PROBLEM -> Take the lines below between the one holding "T \<longleftrightarrow> clinear" and the one holding "(SOME S. \<forall>x", inclusive, and copy them exactly. Add nothing.

########

(* Let $\Lambda$ be a finite $k$-graph with no sources and let $\{t_\lambda\}_{\lambda\in\Lambda}$ be a purely atomic representation of $C^*(\Lambda)$ on a separable Hilbert space $\mathcal H$ with $t_\lambda t_\lambda^*\neq0$ for all $\lambda\in\Lambda$. Then the representation is monic if and only if $P(\{x\})$ is a rank-one projection for every atom $x$ of the associated projection-valued measure $P$. Moreover, in this case the measure $\mu_\pi$ associated to the monic representation is purely atomic.
   Context: $k$-graph: countable small category with degree $d:\Lambda\to\mathbb N^k$ with unique factorization; finite, no sources. $\Lambda^\infty$: infinite paths with cylinder sets $Z(\lambda)$ and Borel $\sigma$-algebra. The projection-valued measure $P$ of a representation $\{t_\lambda\}$ of $C^*(\Lambda)$ is the one with $P(Z(\lambda))=t_\lambda t_\lambda^*$; its atoms are the points $x$ with $P(\{x\})\ne0$. Purely atomic: there is Borel $\Omega$ with $P(\Lambda^\infty\setminus\Omega)=0$, $P(\{\omega\})\ne0$ for $\omega\in\Omega$, and $\bigoplus_{\omega\in\Omega}P(\{\omega\})=\mathrm{Id}$ strongly. Monic: $t_\lambda\neq 0$ for all $\lambda$ and there is $\xi$ with $\overline{\operatorname{span}}\{t_\lambda t_\lambda^*\xi\}=\mathcal H$; then $\mu_\pi$ is the Borel measure with $\mu_\pi(Z(\lambda))=\langle\xi,t_\lambda t_\lambda^*\xi\rangle$. *)

theory Defs
  imports "HOL-Analysis.Analysis"
begin

text \<open>HOL-Analysis only provides real inner product spaces, so we introduce complex
inner product spaces as a type class. The inner product is conjugate-linear in the
first and linear in the second argument.\<close>

class complex_inner = real_normed_vector +
  fixes cscale :: "complex \<Rightarrow> 'a \<Rightarrow> 'a"
    and cinner :: "'a \<Rightarrow> 'a \<Rightarrow> complex"
  assumes scaleR_cscale: "scaleR r x = cscale (complex_of_real r) x"
    and cscale_add_right: "cscale a (x + y) = cscale a x + cscale a y"
    and cscale_add_left: "cscale (a + b) x = cscale a x + cscale b x"
    and cscale_cscale: "cscale a (cscale b x) = cscale (a * b) x"
    and cscale_one: "cscale 1 x = x"
    and cinner_commute: "cinner x y = cnj (cinner y x)"
    and cinner_add_left: "cinner (x + y) z = cinner x z + cinner y z"
    and cinner_cscale_left: "cinner (cscale a x) y = cnj a * cinner x y"
    and cinner_self_nonneg: "0 \<le> Re (cinner x x)"
    and cinner_self_eq_zero: "cinner x x = 0 \<longleftrightarrow> x = 0"
    and norm_eq_sqrt_cinner: "norm x = sqrt (Re (cinner x x))"

class chilbert_space = complex_inner + complete_space

definition separable_type :: "'h::metric_space itself \<Rightarrow> bool" where
  "separable_type _ \<longleftrightarrow> (\<exists>D::'h set. countable D \<and> closure D = UNIV)"

definition cspan :: "'h::complex_inner set \<Rightarrow> 'h set" where
  "cspan S = {\<Sum>x\<in>F. cscale (c x) x | F c. finite F \<and> F \<subseteq> S}"

definition clinear :: "('h::complex_inner \<Rightarrow> 'h) \<Rightarrow> bool" where
  "clinear T \<longleftrightarrow> (\<forall>x y. T (x + y) = T x + T y) \<and> (\<forall>c x. T (cscale c x) = cscale c (T x))"

definition bounded_clinear :: "('h::complex_inner \<Rightarrow> 'h) \<Rightarrow> bool" where
  "bounded_clinear T \<longleftrightarrow> clinear T \<and> (\<exists>K. \<forall>x. norm (T x) \<le> norm x * K)"

definition adj :: "('h::complex_inner \<Rightarrow> 'h) \<Rightarrow> ('h \<Rightarrow> 'h)" where
  "adj T = (SOME S. \<forall>x y. cinner (S x) y = cinner x (T y))"

definition is_projection :: "('h::complex_inner \<Rightarrow> 'h) \<Rightarrow> bool" where
  "is_projection P \<longleftrightarrow> bounded_clinear P \<and> P \<circ> P = P \<and> adj P = P"

definition rank_one :: "('h::complex_inner \<Rightarrow> 'h) \<Rightarrow> bool" where
  "rank_one P \<longleftrightarrow> (\<exists>v. v \<noteq> 0 \<and> range P = range (\<lambda>c. cscale c v))"

text \<open>A k-graph: a countable small category (given by its set of morphisms, source,
range and composition; objects are identified with identity morphisms) together
with a degree functor into \<open>\<nat>^k\<close> (modelled as \<open>'k \<Rightarrow> nat\<close> for a finite type
\<open>'k\<close> with \<open>CARD('k) = k\<close>) satisfying the unique factorisation property.
\<open>comp \<lambda> \<mu>\<close> is the composite \<open>\<lambda>\<mu>\<close>, defined when \<open>s \<lambda> = r \<mu>\<close>.\<close>

record ('a, 'k) kgraph =
  mor :: "'a set"
  src :: "'a \<Rightarrow> 'a"
  rng :: "'a \<Rightarrow> 'a"
  comp :: "'a \<Rightarrow> 'a \<Rightarrow> 'a"
  deg :: "'a \<Rightarrow> 'k \<Rightarrow> nat"

definition is_kgraph :: "('a, 'k::finite) kgraph \<Rightarrow> bool" where
  "is_kgraph G \<longleftrightarrow>
     countable (mor G) \<and>
     (\<forall>l\<in>mor G. src G l \<in> mor G \<and> rng G l \<in> mor G) \<and>
     (\<forall>l\<in>mor G. src G (src G l) = src G l \<and> rng G (src G l) = src G l \<and>
                 src G (rng G l) = rng G l \<and> rng G (rng G l) = rng G l) \<and>
     (\<forall>l\<in>mor G. \<forall>m\<in>mor G. src G l = rng G m \<longrightarrow>
         comp G l m \<in> mor G \<and> src G (comp G l m) = src G m \<and> rng G (comp G l m) = rng G l) \<and>
     (\<forall>l\<in>mor G. comp G (rng G l) l = l \<and> comp G l (src G l) = l) \<and>
     (\<forall>l\<in>mor G. \<forall>m\<in>mor G. \<forall>n\<in>mor G. src G l = rng G m \<longrightarrow> src G m = rng G n \<longrightarrow>
         comp G (comp G l m) n = comp G l (comp G m n)) \<and>
     (\<forall>l\<in>mor G. \<forall>m\<in>mor G. src G l = rng G m \<longrightarrow>
         deg G (comp G l m) = (\<lambda>i. deg G l i + deg G m i)) \<and>
     (\<forall>l\<in>mor G. \<forall>p q. deg G l = (\<lambda>i. p i + q i) \<longrightarrow>
         (\<exists>!(m, n). m \<in> mor G \<and> n \<in> mor G \<and> src G m = rng G n \<and>
                    deg G m = p \<and> deg G n = q \<and> comp G m n = l))"

definition vertices :: "('a, 'k) kgraph \<Rightarrow> 'a set" where
  "vertices G = {v \<in> mor G. deg G v = (\<lambda>_. 0)}"

definition finite_kgraph :: "('a, 'k) kgraph \<Rightarrow> bool" where
  "finite_kgraph G \<longleftrightarrow> (\<forall>n. finite {l \<in> mor G. deg G l = n})"

definition no_sources :: "('a, 'k) kgraph \<Rightarrow> bool" where
  "no_sources G \<longleftrightarrow> (\<forall>v\<in>vertices G. \<forall>n. \<exists>l\<in>mor G. rng G l = v \<and> deg G l = n)"

text \<open>Infinite paths: degree-preserving functors \<open>x : \<Omega>_k \<rightarrow> \<Lambda>\<close>, where \<open>\<Omega>_k\<close> has
morphisms \<open>(m,n)\<close>, \<open>m \<le> n\<close>; \<open>x m n\<close> is the image of \<open>(m,n)\<close> (and \<open>undefined\<close> off
the domain, to make the representation unique).\<close>
definition inf_paths :: "('a, 'k) kgraph \<Rightarrow> (('k \<Rightarrow> nat) \<Rightarrow> ('k \<Rightarrow> nat) \<Rightarrow> 'a) set" where
  "inf_paths G = {x.
     (\<forall>m n. m \<le> n \<longrightarrow> x m n \<in> mor G \<and> deg G (x m n) = (\<lambda>i. n i - m i)) \<and>
     (\<forall>m n p. m \<le> n \<longrightarrow> n \<le> p \<longrightarrow>
        src G (x m n) = rng G (x n p) \<and> comp G (x m n) (x n p) = x m p) \<and>
     (\<forall>m n. \<not> m \<le> n \<longrightarrow> x m n = undefined)}"

definition cyl :: "('a, 'k) kgraph \<Rightarrow> 'a \<Rightarrow> (('k \<Rightarrow> nat) \<Rightarrow> ('k \<Rightarrow> nat) \<Rightarrow> 'a) set" where
  "cyl G l = {x \<in> inf_paths G. x (\<lambda>_. 0) (deg G l) = l}"

text \<open>Borel structure on \<open>\<Lambda>^\<infinity>\<close>: the cylinder sets form a countable basis of the
topology, so the Borel sigma-algebra is the one generated by the cylinder sets.\<close>
definition path_space :: "('a, 'k) kgraph \<Rightarrow> (('k \<Rightarrow> nat) \<Rightarrow> ('k \<Rightarrow> nat) \<Rightarrow> 'a) measure" where
  "path_space G = sigma (inf_paths G) (cyl G ` mor G)"

text \<open>A representation of \<open>C*(\<Lambda>)\<close> is (by the universal property) a Cuntz-Krieger
\<open>\<Lambda>\<close>-family of bounded operators.\<close>
definition ck_family :: "('a, 'k) kgraph \<Rightarrow> ('a \<Rightarrow> 'h::complex_inner \<Rightarrow> 'h) \<Rightarrow> bool" where
  "ck_family G t \<longleftrightarrow>
     (\<forall>l\<in>mor G. bounded_clinear (t l)) \<and>
     (\<forall>v\<in>vertices G. is_projection (t v)) \<and>
     (\<forall>v\<in>vertices G. \<forall>w\<in>vertices G. v \<noteq> w \<longrightarrow> t v \<circ> t w = (\<lambda>_. 0)) \<and>
     (\<forall>l\<in>mor G. \<forall>m\<in>mor G. src G l = rng G m \<longrightarrow> t (comp G l m) = t l \<circ> t m) \<and>
     (\<forall>l\<in>mor G. adj (t l) \<circ> t l = t (src G l)) \<and>
     (\<forall>v\<in>vertices G. \<forall>n. t v =
        (\<lambda>h. \<Sum>l\<in>{l \<in> mor G. rng G l = v \<and> deg G l = n}. t l (adj (t l) h)))"

definition pvm :: "'p measure \<Rightarrow> ('p set \<Rightarrow> 'h::complex_inner \<Rightarrow> 'h) \<Rightarrow> bool" where
  "pvm M P \<longleftrightarrow>
     (\<forall>E\<in>sets M. is_projection (P E)) \<and>
     P (space M) = id \<and>
     (\<forall>A::nat \<Rightarrow> 'p set. range A \<subseteq> sets M \<longrightarrow> disjoint_family A \<longrightarrow>
        (\<forall>h. (\<lambda>i. P (A i) h) sums P (\<Union>i. A i) h))"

########

EXERCISE OUTPUT ->
  "bounded_clinear T \<longleftrightarrow> clinear T \<and> (\<exists>K. \<forall>x. norm (T x) \<le> norm x * K)"

definition adj :: "('h::complex_inner \<Rightarrow> 'h) \<Rightarrow> ('h \<Rightarrow> 'h)" where
  "adj T = (SOME S. \<forall>x y. cinner (S x) y = cinner x (T y))"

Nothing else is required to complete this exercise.